Hyderabad: In a heartfelt open letter addressed to Telangana Chief Minister K. Chandrasekhar Rao, prominent Urdu activist Syed Miskeen Ahmed expressed deep concern over the dwindling support for Urdu in the state. Miskeen, who has known KCR since the early days of his political career, reminisced about the Chief Minister’s initial involvement in Urdu programs and his close bond with the Urdu-speaking community in Siddipet and beyond. However, Miskeen highlighted the disappointment felt by the Urdu community as the promises made by KCR regarding the development and promotion of Urdu have not been fulfilled during his tenure as Chief Minister. Miskeen urged KCR to address these concerns and take immediate action to safeguard the rich legacy of Urdu in Telangana.

The open letter Telangana Chief Minister K. Chandrasekhar Rao reads as follows:

Dear Chandrasekhar Rao Sahib,

MS Education Academy

I hope this letter finds you in good health and high spirits. I write to you as someone who has known you since the early days of your political career. Your dedication, secular mindset, and political acumen have been evident since your initiation into politics in 1987 when you were designated as district vice-president of the Youth Congress, you were warmly welcomed by the Urdu community in Siddipet and other places, with public meetings and celebrations held in your honor.

Before your political journey began in Siddipet, a movement to protect the survival of Urdu was already underway, led by me and my friends. I recall the year 1980 when you embraced Urdu and actively participated in Urdu programs as a lover of the language. Your presence in Siddipet’s Urdu mushairas, where you would stay late into the night engrossed in the words of Urdu poets, left a lasting impression. You delivered speeches in Urdu, fostering a strong bond with the Urdu-speaking population.
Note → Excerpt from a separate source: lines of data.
lemma cokernel_in_hom: "is_cokernel C c m \<Longrightarrow> c \<in> hom C (tgt C m) (tgt C c)"
  by (simp add: is_cokernel_def hom_def)

lemma cokernel_factor:
  assumes K: "is_cokernel C c m" and g: "g \<in> hom C (tgt C m) x" and z: "g \<cdot> m = zro C (src C m) x"
  shows "\<exists>t\<in>hom C (tgt C c) x. t \<cdot> c = g"
  using K g z hom_objects unfolding is_cokernel_def by blast

lemma cokernel_epi:
  assumes K: "is_cokernel C c m"
  shows "epi C c"
proof (rule epiI)
  have mh: "m \<in> hom C (src C m) (tgt C m)" and ch: "c \<in> hom C (tgt C m) (tgt C c)"
    and cm: "c \<cdot> m = zro C (src C m) (tgt C c)"
    using K unfolding is_cokernel_def hom_def by auto
  show "c \<in> Ar C" using ch in_hom_iff by blast
  fix y g h
  assume g: "g \<in> hom C (tgt C c) y" and h: "h \<in> hom C (tgt C c) y" and eq: "g \<cdot> c = h \<cdot> c"
  have ob: "src C m \<in> Ob C" "y \<in> Ob C" using hom_objects mh g by blast+
  have gc: "g \<cdot> c \<in> hom C (tgt C m) y" using comp_in_hom ch g by blast
  have "(g \<cdot> c) \<cdot> m = zro C (src C m) y"
    using comp_assoc[OF mh ch g] cm comp_zero_right[OF g] ob by simp
  then have "\<exists>!t. t \<in> hom C (tgt C c) y \<and> t \<cdot> c = g \<cdot> c"
    using K ob gc unfolding is_cokernel_def by blast
  then show "g = h" using g h eq by metis
qed

lemma pullback_in_hom:
  assumes "is_pullback C a u i j"
  shows "a \<in> hom C (src C a) (src C i)" "u \<in> hom C (src C a) (src C j)"
    "i \<in> hom C (src C i) (tgt C i)" "j \<in> hom C (src C j) (tgt C i)"
  using assms unfolding is_pullback_def hom_def by auto

lemma pullback_commutes: "is_pullback C a u i j \<Longrightarrow> i \<cdot> a = j \<cdot> u"
  by (simp add: is_pullback_def)

lemma pullback_factor:
  assumes P: "is_pullback C a u i j" and f: "f \<in> hom C x (src C i)"
    and g: "g \<in> hom C x (src C j)" and eq: "i \<cdot> f = j \<cdot> g"
  shows "\<exists>t\<in>hom C x (src C a). a \<cdot> t = f \<and> u \<cdot> t = g"
  using P f g eq hom_objects unfolding is_pullback_def by blast

lemma pullback_unique:
  assumes P: "is_pullback C a u i j" and g: "g \<in> hom C x (src C a)" and h: "h \<in> hom C x (src C a)"
    and eqa: "a \<cdot> g = a \<cdot> h" and equ: "u \<cdot> g = u \<cdot> h"
  shows "g = h"
proof -
  note H = pullback_in_hom[OF P]
  have "i \<cdot> (a \<cdot> g) = j \<cdot> (u \<cdot> g)"
    using comp_assoc[OF g H(1) H(3)] comp_assoc[OF g H(2) H(4)] pullback_commutes[OF P] by simp
  moreover have "a \<cdot> g \<in> hom C x (src C i)" "u \<cdot> g \<in> hom C x (src C j)"
    using comp_in_hom g H by blast+
  moreover have "x \<in> Ob C" using hom_objects g by blast
  ultimately have "\<exists>!t. t \<in> hom C x (src C a) \<and> a \<cdot> t = a \<cdot> g \<and> u \<cdot> t = u \<cdot> g"
    using P unfolding is_pullback_def by blast
  then show ?thesis using g h eqa equ by metis
qed

lemma pullback_mono:
  assumes P: "is_pullback C a u i j" and i: "mono C i"
  shows "mono C u"
proof (rule monoI)
  note H = pullback_in_hom[OF P]
  show "u \<in> Ar C" using H in_hom_iff by blast
  fix x g h
  assume "g \<in> hom C x (src C u)" "h \<in> hom C x (src C u)" and eq: "u \<cdot> g = u \<cdot> h"
  then have gh: "g \<in> hom C x (src C a)" "h \<in> hom C x (src C a)" using H in_hom_iff by auto
  have "i \<cdot> (a \<cdot> g) = i \<cdot> (a \<cdot> h)"
    using comp_assoc[OF _ H(1) H(3)] comp_assoc[OF _ H(2) H(4)] pullback_commutes[OF P] eq gh
    by metis
  then have "a \<cdot> g = a \<cdot> h" using mono_cancel[OF i] comp_in_hom gh H by blast
  then show "g = h" using pullback_unique[OF P gh] eq by blast
qed

subsection \<open>Full invariance and the intersection \<open>F \<inter> G\<close>\<close>

lemma pullback_restriction:
  assumes i: "fully_invariant C i" and P: "is_pullback C a u i j"
    and h: "h \<in> hom C (tgt C i) (tgt C i)" and g: "g \<in> hom C (src C j) (src C j)"
    and hj: "h \<cdot> j = j \<cdot> g"
  shows "\<exists>t\<in>hom C (src C a) (src C a). u \<cdot> t = g \<cdot> u"
proof -
  note H = pullback_in_hom[OF P]
  obtain \<alpha> where \<alpha>: "\<alpha> \<in> hom C (src C i) (src C i)" "h \<cdot> i = i \<cdot> \<alpha>"
    using i h unfolding fully_invariant_def by blast
  have "i \<cdot> (\<alpha> \<cdot> a) = (h \<cdot> i) \<cdot> a" using comp_assoc[OF H(1) \<alpha>(1) H(3)] \<alpha>(2) by simp
  also have "\<dots> = h \<cdot> (j \<cdot> u)" using comp_assoc[OF H(1) H(3) h] pullback_commutes[OF P] by simp
  also have "\<dots> = j \<cdot> (g \<cdot> u)"
    using comp_assoc[OF H(2) H(4) h] comp_assoc[OF H(2) g H(4)] hj by simp
  finally have "i \<cdot> (\<alpha> \<cdot> a) = j \<cdot> (g \<cdot> u)" .
  moreover have "\<alpha> \<cdot> a \<in> hom C (src C a) (src C i)" "g \<cdot> u \<in> hom C (src C a) (src C j)"
    using comp_in_hom H \<alpha>(1) g by blast+
  ultimately show ?thesis using pullback_factor[OF P] by blast
qed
It was during this time that the Urdu community, myself included, recognized you as a distinct politician who appreciates Urdu.

You often commence your political speeches with an Urdu poem, exemplifying the importance of standing alongside your people.
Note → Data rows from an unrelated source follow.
lemma summable_abs_Qf_powr:
  fixes b1 b2 :: "nat \<Rightarrow> real"
  assumes "0 \<le> R11" "0 \<le> R22" "1 \<le> \<alpha>"
    and summable: "summable (\<lambda>n. \<bar>b1 n\<bar> + \<bar>b2 n\<bar>)"
  shows "summable (\<lambda>n. \<bar>Qf R11 R12 R22 (b1 n) (b2 n)\<bar> powr (\<alpha>/2))"
proof (rule summable_comparison_test_ev)
  define K where "K = R11 + \<bar>R12\<bar> + R22"
  have "0 \<le> K" unfolding K_def using assms by simp
  show "summable (\<lambda>n. K powr (\<alpha>/2) * (\<bar>b1 n\<bar> + \<bar>b2 n\<bar>))"
    using summable by (rule summable_mult)
  have "(\<lambda>n. \<bar>b1 n\<bar> + \<bar>b2 n\<bar>) \<longlonglongrightarrow> 0"
    using summable by (rule summable_LIMSEQ_zero)
  then have "eventually (\<lambda>n. \<bar>b1 n\<bar> + \<bar>b2 n\<bar> < 1) sequentially"
    by (rule order_tendstoD(2)) simp
  then show "eventually (\<lambda>n. norm (\<bar>Qf R11 R12 R22 (b1 n) (b2 n)\<bar> powr (\<alpha>/2))
      \<le> K powr (\<alpha>/2) * (\<bar>b1 n\<bar> + \<bar>b2 n\<bar>)) sequentially"
  proof eventually_elim
    case (elim n)
    define x where "x = \<bar>b1 n\<bar> + \<bar>b2 n\<bar>"
    have "0 \<le> x" "x \<le> 1" using elim unfolding x_def by auto
    have "\<bar>Qf R11 R12 R22 (b1 n) (b2 n)\<bar> powr (\<alpha>/2) \<le> (K * x^2) powr (\<alpha>/2)"
      using abs_Qf_le[OF assms(1,2)] assms(3) unfolding K_def x_def by (intro powr_mono2) auto
    also have "\<dots> = K powr (\<alpha>/2) * x powr \<alpha>"
      using \<open>0 \<le> K\<close> \<open>0 \<le> x\<close> by (simp add: powr_mult square_powr_half)
    also have "\<dots> \<le> K powr (\<alpha>/2) * x"
      using powr_le_one_le[of x \<alpha>] \<open>0 \<le> x\<close> \<open>x \<le> 1\<close> assms(3)
      by (cases "x = 0") (auto intro: mult_left_mono)
    finally show ?case by (simp add: x_def)
  qed
qed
As a leader, it is your responsibility to walk with the people, not only of a specific sect, community, or language but of various schools of thought, religions, and ethnicities within the province. When you initiated the Telangana movement, aiming for the development of the region, the Urdu community stood by your side. Inspired by your political movement, Urdu poets and scholars composed revolutionary, love-filled, and unity-centric poems, songs in support of Telangana. You not only admired these poems but also presented them at various rallies.

However, after the people bestowed power upon you and as you commenced your tenure as Chief Minister, the promises you made prior to assuming office seem to have faded away. The Urdu-speaking community in Telangana, based on your previous friendship with Urdu, had hoped for a new chapter in the development of Urdu under your government. Many Urdu enthusiasts aligned themselves with you, believing that you would prioritize the language’s progress in your political endeavors. It is important to note that the Telangana region has been a stronghold of Urdu, unlike Andhra. Mushairas and Urdu gatherings held here are renowned within the country and even abroad.
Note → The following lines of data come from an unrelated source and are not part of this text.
definition Sset :: "int \<Rightarrow> int \<Rightarrow> int set" where
  "Sset p k0 = {\<lceil>real_of_int (k0 + 1) / 2\<rceil> .. \<lfloor>real_of_int (k0 + p - 4) / 2\<rfloor>}"

definition D_ur :: "int \<Rightarrow> int \<Rightarrow> int list \<Rightarrow> int \<Rightarrow> int" where
  "D_ur p k0 ss k = (\<Sum>i<length ss. d_ur p k0 (ss ! i) k)"

definition D_Iw :: "int \<Rightarrow> int \<Rightarrow> int list \<Rightarrow> int \<Rightarrow> int" where
  "D_Iw p k0 ss k = int (length ss) * (2 * kbul p k0 k + 2)"

definition m_dag :: "int \<Rightarrow> int \<Rightarrow> int list \<Rightarrow> nat \<Rightarrow> int \<Rightarrow> int" where
  "m_dag p k0 ss n k =
     (if D_ur p k0 ss k < int n \<and> int n < D_Iw p k0 ss k - D_ur p k0 ss k
      then min (int n - D_ur p k0 ss k) (D_Iw p k0 ss k - D_ur p k0 ss k - int n)
      else 0)"

text \<open>g_n^{(s)}(w) = prod over k in K of (w - w_k)^m; only the (finitely many) k with
  nonzero exponent contribute a factor different from 1.  The weights w_k are a parameter wk.\<close>
definition g_dag :: "(int \<Rightarrow> 'a::comm_ring_1) \<Rightarrow> int \<Rightarrow> int \<Rightarrow> nat \<Rightarrow> int list \<Rightarrow> 'a poly" where
  "g_dag wk p k0 n ss =
     (\<Prod>k\<in>{k \<in> Kset p k0. m_dag p k0 ss n k \<noteq> 0}. [:- wk k, 1:] ^ nat (m_dag p k0 ss n k))"

text \<open>n_{u,i}, with i 1-indexed\<close>
definition n_ui :: "nat \<Rightarrow> nat \<Rightarrow> nat \<Rightarrow> nat" where
  "n_ui n u i = (let q = n div u in
     if even q then (if i \<le> u * (q + 1) - n then q else q + 1)
     else (if i \<le> n - u * q then q + 1 else q))"

end

theory Submission
  imports Defs
begin

text \<open>With c = kbul k + 1, the exponent m_dag of a sequence of length u at k is the positive part
  of u c - D_ur - |n - u c|.  The n_ui sum to n and all lie on the same side of c, so the numbers
  x_i = c - d_ur(s_i) - |n_ui(i) - c| add up to the argument of that positive part.  On S the
  degree d_ur(s) has a closed form that changes by at most one as s grows and never leaves an
  odd value; together with the parity pattern of the n_ui this prevents two x_i from having
  opposite strict signs, so the positive part of the sum is the sum of the positive parts.
  Additivity of the exponents is the claimed factorisation.\<close>

lemma mem_Sset_iff: "s \<in> Sset p k0 \<longleftrightarrow> k0 + 1 \<le> 2 * s \<and> 2 * s \<le> k0 + p - 4"
proof -
  have "s \<in> Sset p k0 \<longleftrightarrow> real_of_int (k0 + 1) / 2 \<le> s \<and> s \<le> real_of_int (k0 + p - 4) / 2"
    unfolding Sset_def by (simp add: ceiling_le_iff le_floor_iff)
  also have "\<dots> \<longleftrightarrow> real_of_int (k0 + 1) \<le> real_of_int (2 * s) \<and> real_of_int (2 * s) \<le> real_of_int (k0 + p - 4)"
    by (simp add: field_simps)
  also have "\<dots> \<longleftrightarrow> k0 + 1 \<le> 2 * s \<and> 2 * s \<le> k0 + p - 4"
    by (simp only: of_int_le_iff)
  finally show ?thesis .
qed

lemma a_s_on_Sset:
  assumes "s \<in> Sset p k0" "2 \<le> k0" "k0 \<le> p"
  shows "a_s p k0 s = k0 - 2 - 2 * s + (p - 1)"
proof -
  have "(k0 - 2 - 2 * s) mod (p - 1) = (k0 - 2 - 2 * s + (p - 1)) mod (p - 1)"
    by (simp only: mod_add_self2)
  also have "\<dots> = k0 - 2 - 2 * s + (p - 1)"
    using assms by (intro mod_pos_pos_trivial) (auto simp: mem_Sset_iff)
  finally show ?thesis
    by (simp add: a_s_def resid_def)
qed

lemma delta_t1_t2_on_Sset:
  assumes "s \<in> Sset p k0" "2 \<le> k0" "k0 \<le> p" "7 \<le> p"
  shows "delta_s p k0 s = (if k0 - 1 \<le> s then 1 else 0)"
    and "t1 p k0 s = (if k0 - 1 \<le> s then s + 1 else k0 - 1 - s)"
    and "t2 p k0 s = (if k0 - 1 \<le> s then k0 + p - s else s + 1)"
proof -
  from assms(1) have s: "k0 + 1 \<le> 2 * s" "2 * s \<le> k0 + p - 4"
    by (simp_all add: mem_Sset_iff)
  note a = a_s_on_Sset[OF assms(1-3)]
  consider "k0 - 1 \<le> s" | "s < k0 - 1"
    by linarith
  then have "delta_s p k0 s = (if k0 - 1 \<le> s then 1 else 0) \<and>
    t1 p k0 s = (if k0 - 1 \<le> s then s + 1 else k0 - 1 - s) \<and>
    t2 p k0 s = (if k0 - 1 \<le> s then k0 + p - s else s + 1)"
  proof cases
    case 1
    have r: "resid p (a_s p k0 s + s) = a_s p k0 s + s"
      unfolding resid_def a using s assms 1 by (intro mod_pos_pos_trivial) auto
    have "delta_s p k0 s = (k0 - 2 + (p - 1)) div (p - 1)"
      unfolding delta_s_def floor_divide_of_int_eq r unfolding a by (simp add: algebra_simps)
    also have "\<dots> = (k0 - 2) div (p - 1) + 1"
      using assms by (intro div_add_self2) simp
    also have "\<dots> = 1"
      using assms by simp
    finally show ?thesis
      unfolding t1_def t2_def a using 1 by auto
  next
    case 2
    have "(a_s p k0 s + s) mod (p - 1) = (k0 - 2 - s + (p - 1)) mod (p - 1)"
      unfolding a by (simp add: algebra_simps)
    also have "\<dots> = (k0 - 2 - s) mod (p - 1)"
      by (simp only: mod_add_self2)
    also have "\<dots> = k0 - 2 - s"
      using s assms 2 by (intro mod_pos_pos_trivial) auto
    finally have r: "resid p (a_s p k0 s + s) = k0 - 2 - s"
      by (simp add: resid_def)
    have "delta_s p k0 s = 0"
      unfolding delta_s_def floor_divide_of_int_eq r using s assms 2 by simp
    then show ?thesis
      unfolding t1_def t2_def r unfolding a using 2 by auto
  qed
  then show "delta_s p k0 s = (if k0 - 1 \<le> s then 1 else 0)"
    and "t1 p k0 s = (if k0 - 1 \<le> s then s + 1 else k0 - 1 - s)"
    and "t2 p k0 s = (if k0 - 1 \<le> s then k0 + p - s else s + 1)"
    by simp_all
qed

definition d_ur_on_S :: "int \<Rightarrow> int \<Rightarrow> int \<Rightarrow> int \<Rightarrow> int" where
  "d_ur_on_S P k0 kb s = (kb - s - 1) div P + (kb + s + 1 - k0) div P + 2"

lemma d_ur_eq_d_ur_on_S:
  assumes "s \<in> Sset p k0" "2 \<le> k0" "k0 \<le> p" "7 \<le> p"
  shows "d_ur p k0 s k = d_ur_on_S (p + 1) k0 (kbul p k0 k) s"
proof (cases "k0 - 1 \<le> s")
  case True
  define kb where "kb = kbul p k0 k"
  have "(kb + s + 1 - k0) div (p + 1) = (kb - (k0 + p - s) + (p + 1)) div (p + 1)"
    by (simp add: algebra_simps)
  also have "\<dots> = (kb - (k0 + p - s)) div (p + 1) + 1"
    using assms by (intro div_add_self2) simp
  finally show ?thesis
    using True unfolding d_ur_def d_ur_on_S_def floor_divide_of_int_eq
      delta_t1_t2_on_Sset[OF assms] kb_def[symmetric]
    by (simp add: diff_diff_eq[symmetric])
next
  case False
  then show ?thesis
    unfolding d_ur_def d_ur_on_S_def floor_divide_of_int_eq delta_t1_t2_on_Sset[OF assms]
    by (simp add: algebra_simps)
qed

lemma mem_Kset_kbul:
  assumes "k \<in> Kset p k0" "2 \<le> p" "k0 \<le> p"
  shows "k = k0 + (p - 1) * kbul p k0 k" and "0 \<le> kbul p k0 k"
proof -
  from assms(1) have k: "2 \<le> k" "(p - 1) dvd (k - k0)"
    by (simp_all add: Kset_def cong_iff_dvd_diff)
  then obtain t where t: "k - k0 = (p - 1) * t"
    by (elim dvdE)
  have kb: "kbul p k0 k = t"
    unfolding kbul_def t using assms by simp
  show "k = k0 + (p - 1) * kbul p k0 k"
    using t kb by simp
  have "\<not> t \<le> -1"
  proof
    assume "t \<le> -1"
    then have "(p - 1) * t \<le> (p - 1) * (-1)"
      using assms by (intro mult_left_mono) auto
    then show False
      using t k assms by simp
  qed
  then show "0 \<le> kbul p k0 k"
    using kb by simp
qed

lemma kbul_div_le_d_ur:
  assumes "k \<in> Kset p k0" "s \<in> Sset p k0" "2 \<le> k0" "k0 \<le> p" "7 \<le> p"
  shows "kbul p k0 k div (p + 1) \<le> d_ur p k0 s k"
proof -
  define kb where "kb = kbul p k0 k"
  have kb: "0 \<le> kb"
    using mem_Kset_kbul(2)[OF assms(1)] assms by (simp add: kb_def)
  from assms(2) have s: "k0 + 1 \<le> 2 * s" "2 * s \<le> k0 + p - 4"
    by (simp_all add: mem_Sset_iff)
  have "(kb + (-1) * (p + 1)) div (p + 1) \<le> (kb - s - 1) div (p + 1)"
    using s assms by (intro zdiv_mono1) auto
  moreover have "(kb + (-1) * (p + 1)) div (p + 1) = kb div (p + 1) - 1"
    using assms by (subst div_mult_self1) auto
  moreover have "(-1 * (p + 1)) div (p + 1) \<le> (kb + s + 1 - k0) div (p + 1)"
    using s kb assms by (intro zdiv_mono1) auto
  moreover have "(-1 * (p + 1)) div (p + 1) = -1"
    using assms by (subst nonzero_mult_div_cancel_right) auto
  ultimately show ?thesis
    using d_ur_eq_d_ur_on_S[OF assms(2-5)] by (simp add: d_ur_on_S_def kb_def)
qed

lemma d_ur_less_if_m_dag_single_nonzero:
  "m_dag p k0 [s] N k \<noteq> 0 \<Longrightarrow> d_ur p k0 s k < int N"
  by (auto simp: m_dag_def D_ur_def split: if_splits)

lemma finite_support_m_dag_single:
  assumes "s \<in> Sset p k0" "2 \<le> k0" "k0 \<le> p" "7 \<le> p"
  shows "finite {k \<in> Kset p k0. m_dag p k0 [s] N k \<noteq> 0}"
proof (rule finite_subset)
  show "finite ((\<lambda>t. k0 + (p - 1) * t) ` {0..<(p + 1) * int N})"
    by simp
  show "{k \<in> Kset p k0. m_dag p k0 [s] N k \<noteq> 0} \<subseteq> (\<lambda>t. k0 + (p - 1) * t) ` {0..<(p + 1) * int N}"
  proof
    fix k assume k: "k \<in> {k \<in> Kset p k0. m_dag p k0 [s] N k \<noteq> 0}"
    define kb where "kb = kbul p k0 k"
    have "kb div (p + 1) < int N"
      using kbul_div_le_d_ur[of k p k0 s] d_ur_less_if_m_dag_single_nonzero[of p k0 s N k] k assms
      by (simp add: kb_def)
    then have "(p + 1) * (kb div (p + 1) + 1) \<le> (p + 1) * int N"
      using assms by (intro mult_left_mono) auto
    moreover have "kb = (p + 1) * (kb div (p + 1)) + kb mod (p + 1)"
      by simp
    moreover have "kb mod (p + 1) < p + 1"
      using assms by (intro pos_mod_bound) simp
    moreover have "(p + 1) * (kb div (p + 1) + 1) = (p + 1) * (kb div (p + 1)) + (p + 1)"
      by (simp add: distrib_left)
    ultimately have "kb < (p + 1) * int N"
      by linarith
    then show "k \<in> (\<lambda>t. k0 + (p - 1) * t) ` {0..<(p + 1) * int N}"
      using mem_Kset_kbul[of k p k0] k assms by (auto simp: kb_def)
  qed
qed

lemma m_dag_eq_tent:
  "m_dag p k0 ss n k = max 0 (int (length ss) * (kbul p k0 k + 1) - D_ur p k0 ss k
     - \<bar>int n - int (length ss) * (kbul p k0 k + 1)\<bar>)"
  unfolding m_dag_def D_Iw_def by (auto simp: algebra_simps abs_if)

lemma n_ui_cases: "n_ui n u i = n div u \<or> n_ui n u i = n div u + 1"
  by (auto simp: n_ui_def Let_def)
Allow me to remind you that previous Chief Ministers, such as Dr. M. Chenna Reddy and NT Rama Rao, despite not being fluent in Urdu, participated in mushairas and demonstrated their support for the language. Chandrababu Naidu also enthusiastically engaged in Urdu lectures. Additionally, the Chief Minister himself has participated in Urdu events on various occasions. Hyderabad and its suburbs are known nationwide and globally for their nurturing of Urdu language, culture, and civilization. All India Mushairas, literary seminars, symposiums, and research work conducted here have earned this city its fame. However, with deep regret, I must convey that during your nearly ten-year tenure as Chief Minister, you have not participated in any Urdu mushaira or meeting. This growing skepticism towards your commitment to Urdu has begun to unsettle the hearts of the Urdu-speaking community. Questions are arising as to whether K. Chandrasekhar Rao, who was once considered a friend of Urdu, now regards Urdu and its speakers as the critics of the language do.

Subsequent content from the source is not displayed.